This week, my wife and I have been binge viewing season one of Downton Abbey, Julian Fellowes’ amazing drama set in the early 1900s, which depicts the lives of the aristocratic Crawley family and the servants who work for them. As fans of the show will know, the characters are beautifully drawn, and the show powerfully captures a pivotal historical era, beginning with the sinking of the Titanic but making reference to World War I and other historical events along the way. Much of the show’s drama hinges on issues of social mobility–the family struggles to navigate British inheritance laws that prevent daughters from inheriting property, while many of the servants reflect on desires for different work opportunities–a focus that has proven to be intellectual catnip for both of us (and obviously many, many others). But what has enabled us to become so engaged with the show so quickly is our ability to binge watch season one on Netflix, and we’ll finish the entire first season in four days (and then move to Hulu for season two).
For consumers like us, this is a great deal. We probably won’t catch up with the episodes in time to follow season three “live,” but it’s a nice way of watching, especially given our inconsistent schedules that might make live viewing difficult. There’s nothing new there, of course. DVD box sets started serving this function years ago, and people have been talking about on-demand TV and movies for a while now. It’s also not a bad deal for Netflix and Hulu to make this licensed programming available. I’ve binge watched a few other shows via Netflix, in particular, and there are usually enough movie selections to keep me engaged. But as Andrew Wallenstein and Alyssa Rosenberg point out, in a couple of sharp analyses, Netflix’s strategy of promoting binge watching may not be as successful or effective when it comes to their original programming. Although Netflix CEO Reed Hastings has touted the ability of streaming services to escape from the boundaries of linear TV programming, both Rosenberg and Wallenstein imply that the plan to release all 13 episodes of House of Cards simultaneously may work against getting maximum value for the show.
Wallenstein, in particular, highlights the dangers of “too much, too quickly” when it comes to Netflix. He points out that the goal of producing original programming (like House of Cards and the revival of Arrested Development) is to entice new subscribers into joining the service. Wallenstein then speculates that by dropping all thirteen episodes at once, Netflix may actually be encouraging people to join the service for one month, binge watch the original shows, and then cancel their subscription until a new show comes along that they want to watch. Rinse. Lather. Repeat. I suspect that, to some extent, Wallenstein is right. In an era of one-click, on-demand culture, people can walk away from delivery services like Netflix or Hulu simply and easily. Starting or quuitting a subscription service takes just a few minutes, and if House of Cards is all that somebody wants to watch, then it’s pretty simple to do that.
Rosenberg, drawing from reporting by Deadline Hollywood Daily, adds that Netflix is financing these productions, in part through the use of debt that will (obviously) eventually have to be paid down.
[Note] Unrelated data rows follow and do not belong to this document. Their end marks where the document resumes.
theorem koenig_cover:
  assumes "finite L" "finite E" "E \<subseteq> L \<times> R"
    and small: "\<And>M. M \<subseteq> E \<Longrightarrow> matching M \<Longrightarrow> card M \<le> j"
  obtains X Y where "X \<subseteq> L" "Y \<subseteq> R" "card X + card Y \<le> j" "\<And>a b. (a, b) \<in> E \<Longrightarrow> a \<in> X \<or> b \<in> Y"
proof (cases "card L \<le> j")
  case True
  show ?thesis
  proof (rule that[of L "{}"])
    show "a \<in> L \<or> b \<in> {}" if "(a, b) \<in> E" for a b
      using that assms(3) by blast
  qed (use True in simp_all)
next
  case False
  define d where "d = card L - Suc j"
  have "\<not> hall_condition E L d"
  proof
    assume "hall_condition E L d"
    then obtain M where M: "M \<subseteq> E \<inter> L \<times> UNIV" "matching M" "card L \<le> card M + d"
      using defect_hall[OF assms(1,2)] by blast
    have "card M \<le> j"
      using M(1) by (intro small[OF _ M(2)]) blast
    with M(3) False show False
      unfolding d_def by linarith
  qed
  then obtain T where T: "T \<subseteq> L" "\<not> card T \<le> card (E `` T) + d"
    unfolding hall_condition_def by blast
  show ?thesis
  proof (rule that[of "L - T" "E `` T"])
    have "card (L - T) = card L - card T"
      using T(1) finite_subset[OF T(1) assms(1)] by (rule card_Diff_subset[rotated])
    with T(2) False card_mono[OF assms(1) T(1)] show "card (L - T) + card (E `` T) \<le> j"
      unfolding d_def by linarith
    show "a \<in> L - T \<or> b \<in> E `` T" if "(a, b) \<in> E" for a b
    proof (cases "a \<in> T")
      case False
      then show ?thesis
        using that assms(3) by blast
    qed (use that in blast)
    show "E `` T \<subseteq> R"
      using assms(3) by (rule Image_subset)
  qed blast
qed

lemma card_le_by_vertex_cover:
  assumes "finite P" "finite Q" "E \<subseteq> P \<times> Q" "card Q \<le> card P" "X \<subseteq> P" "Y \<subseteq> Q"
    and cover: "\<And>a b. (a, b) \<in> E \<Longrightarrow> a \<in> X \<or> b \<in> Y"
  shows "card E \<le> (card X + card Y) * card P"
proof -
  have "E \<subseteq> X \<times> Q \<union> P \<times> Y"
    using assms(3) cover by fastforce
  moreover have "finite (X \<times> Q \<union> P \<times> Y)"
    using finite_subset[OF assms(5,1)] finite_subset[OF assms(6,2)] assms(1,2) by simp
  ultimately have "card E \<le> card (X \<times> Q \<union> P \<times> Y)"
    by (simp add: card_mono)
  also have "\<dots> \<le> card (X \<times> Q) + card (P \<times> Y)"
    by (rule card_Un_le)
  also have "\<dots> \<le> card X * card P + card P * card Y"
    using assms(4) by (simp add: card_cartesian_product)
  also have "\<dots> = (card X + card Y) * card P"
    by (simp add: algebra_simps)
  finally show ?thesis .
qed

lemma card_le_by_matching_bound:
  assumes "finite P" "finite Q" "E \<subseteq> P \<times> Q" "card Q \<le> card P"
    and small: "\<And>M. M \<subseteq> E \<Longrightarrow> matching M \<Longrightarrow> card M \<le> j"
  shows "card E \<le> j * card P"
proof -
  have "finite E"
    using assms(1-3) by (meson finite_SigmaI finite_subset)
  then obtain X Y where "X \<subseteq> P" "Y \<subseteq> Q" "card X + card Y \<le> j"
    and "\<And>a b. (a, b) \<in> E \<Longrightarrow> a \<in> X \<or> b \<in> Y"
    using koenig_cover[OF assms(1) _ assms(3) small] by blast
  then show ?thesis
    using card_le_by_vertex_cover[OF assms(1-4)] by (meson dual_order.trans mult_le_mono1)
qed

lemma inj_on_avoiding_pair:
  assumes "finite L" "finite R" "card L \<le> card R" "g \<in> L \<times> R \<Longrightarrow> 2 \<le> card R"
  obtains h where "inj_on h L" "h ` L \<subseteq> R" "\<And>x. x \<in> L \<Longrightarrow> (x, h x) \<noteq> g"
proof -
  obtain h0 where h0: "h0 ` L \<subseteq> R" "inj_on h0 L"
    using card_le_inj[OF assms(1-3)] by blast
  show ?thesis
  proof (cases "g \<in> L \<times> R \<and> h0 (fst g) = snd g")
    case False
    show ?thesis
    proof (rule that[OF h0(2,1)])
      show "(x, h0 x) \<noteq> g" if "x \<in> L" for x
      proof
        assume "(x, h0 x) = g"
        then have "g \<in> L \<times> R \<and> h0 (fst g) = snd g"
          using that h0(1) by force
        with False show False ..
      qed
    qed
  next
    case True
    then have "card (R - {snd g}) = card R - 1" "2 \<le> card R"
      using assms(4) by (auto simp: mem_Times_iff)
    then have "R - {snd g} \<noteq> {}"
      by (intro notI) simp
    then obtain b where b: "b \<in> R" "b \<noteq> snd g"
      by blast
    let ?h = "transpose (snd g) b \<circ> h0"
    show ?thesis
    proof (rule that[of ?h])
      show "inj_on ?h L"
        using h0(2) by (simp add: comp_inj_on)
      have "transpose (snd g) b ` R = R"
        using True b(1) by (simp add: mem_Times_iff)
      then show "?h ` L \<subseteq> R"
        using image_mono[OF h0(1), of "transpose (snd g) b"] by (simp add: image_comp)
      show "(x, ?h x) \<noteq> g" if "x \<in> L" for x
        using True b(2) by (cases "x = fst g") auto
    qed
  qed
qed

lemma matching_in_Times_avoiding:
  assumes "finite L" "finite R" "card L \<le> card R" "g \<in> L \<times> R \<Longrightarrow> 2 \<le> card R"
  obtains M where "M \<subseteq> L \<times> R - {g}" "matching M" "card M = card L"
proof -
  obtain h where h: "inj_on h L" "h ` L \<subseteq> R" "\<And>x. x \<in> L \<Longrightarrow> (x, h x) \<noteq> g"
    using inj_on_avoiding_pair[OF assms] by blast
  have "card ((\<lambda>x. (x, h x)) ` L) = card L"
    by (rule card_image) (simp add: inj_on_def)
  then show ?thesis
    using h by (intro that[of "(\<lambda>x. (x, h x)) ` L"] matching_image_Pair) auto
qed

lemma matching_in_Times_avoiding':
  assumes "finite L" "finite R" "card R \<le> card L" "g \<in> L \<times> R \<Longrightarrow> 2 \<le> card L"
  obtains M where "M \<subseteq> L \<times> R - {g}" "matching M" "card M = card R"
proof -
  have "prod.swap g \<in> R \<times> L \<Longrightarrow> 2 \<le> card L"
    using assms(4) by (cases g) auto
  then obtain M where "M \<subseteq> R \<times> L - {prod.swap g}" "matching M" "card M = card R"
    using matching_in_Times_avoiding[OF assms(2,1,3)] by blast
  then show ?thesis
    by (intro that[of "M\<inverse>"]) (auto simp: matching_converse card_inverse)
qed

lemma singleton_if_card_less_2:
  assumes "finite L" "x \<in> L" "\<not> 2 \<le> card L"
  shows "L = {x}"
  using assms card_le_Suc0_iff_eq[OF assms(1)] by auto

section \<open>A rainbow graph with many edges has a rainbow matching\<close>

locale rainbow_counterexample =
  fixes A :: "'a set" and B :: "'b set" and k :: nat
    and col :: "'a \<times> 'b \<Rightarrow> 'c" and G :: "('a \<times> 'b) set"
  assumes finite_A: "finite A" and finite_B: "finite B"
    and k_ge_3: "3 \<le> k" and k_le_card_B: "k \<le> card B" and card_B_le_A: "card B \<le> card A"
    and G_subset: "G \<subseteq> A \<times> B" and inj_col_G: "inj_on col G"
    and card_G: "card G = card A * (k - 2) + 2"
    and no_rainbow: "\<And>M. M \<subseteq> A \<times> B \<Longrightarrow> matching M \<Longrightarrow> inj_on col M \<Longrightarrow> card M < k"
begin

lemma finite_G: "finite G"
  using finite_subset[OF G_subset] finite_A finite_B by blast

lemma col_not_in_image_other_edges:
  assumes "g \<in> G" "N \<subseteq> G - {g}"
  shows "col g \<notin> col ` N"
proof
  assume "col g \<in> col ` N"
  then obtain e where "e \<in> N" "col g = col e"
    by blast
  then have "g = e"
    using assms inj_col_G by (meson DiffD1 inj_onD subsetD)
  with \<open>e \<in> N\<close> assms(2) show False
    by blast
qed

lemma card_colour_class_le_1: "card {e \<in> G. col e = x} \<le> 1"
proof -
  have "inj_on col {e \<in> G. col e = x}"
    by (rule inj_on_subset[OF inj_col_G]) blast
  then have "card {e \<in> G. col e = x} = card (col ` {e \<in> G. col e = x})"
    by (rule card_image[symmetric])
  also have "\<dots> \<le> card {x}"
    by (intro card_mono) auto
  finally show ?thesis
    by simp
qed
Along with Netflix’s plans to expand overseas, this has led Moody’s to classify Netflix as a “risky investment,” and leaves Rosenberg to speculate that Netflix may have to increase its subscription rates to subsidize these costs and to keep investors happy. To avoid these problems, Wallenstein offers a somewhat compelling solution: instead of releasing all episodes of its original programs simultaneously, Netflix should adopt something closer to a linear programming model, in which it would release 3-4 new episodes of a show per month. Thus, users could engage in limited binge viewing, but they would be compelled to maintain their subscriptions for several months to follow an entire season of an original show (my hunch is that such a strategy would be less relevant for licensed shows like Downton Abbey). Wallenstein also makes the point that extending the show’s run over several months would also extend its social media presence over several months and that people who learn about the show late (as my wife and I did with Downton) could learn about the show from Twitter and Facebook posts and could catch up quickly in order to be in-the-know when the next set of episodes drops.
I have some doubts about whether Wallenstein’s proposal makes sense. If binge viewing is the primary mode through which consumers encounter Netflix, then alienating these audiences through artificially producing temporary scarcity seems uncool. In addition, I wonder how many people have the energy to start and quit Netflix every time the distributor introduces a new or original show. I’d imagine that Netflix hopes that people will be drawn in initially by an original show unavailable elsewhere and that the practice of binge watching that will keep them coming back for more. Like Wallenstein, I also wonder about the “casual viewer” who may not binge watch a specific show. It’s practice that I mention in passing in my chapter on Redbox in On-Demand Culture, but I suspect that it needs even more attention.My hunch is that the scarcity techniques will have less impact on these more casual practices. People can pick up or return to a show whenever it is convenient. More than anything, this discussion shows that there are still a number of questions that we can still ask about the viewing norms and protocols that will develop in an era of digital delivery. Binge watching is obviously the most visible form of this practice–especially when Netflix automatically redirects you to the next episode of a TV series–but this practice may eventually be subject to other issues such as changing distribution practices and limited libraries and data caps.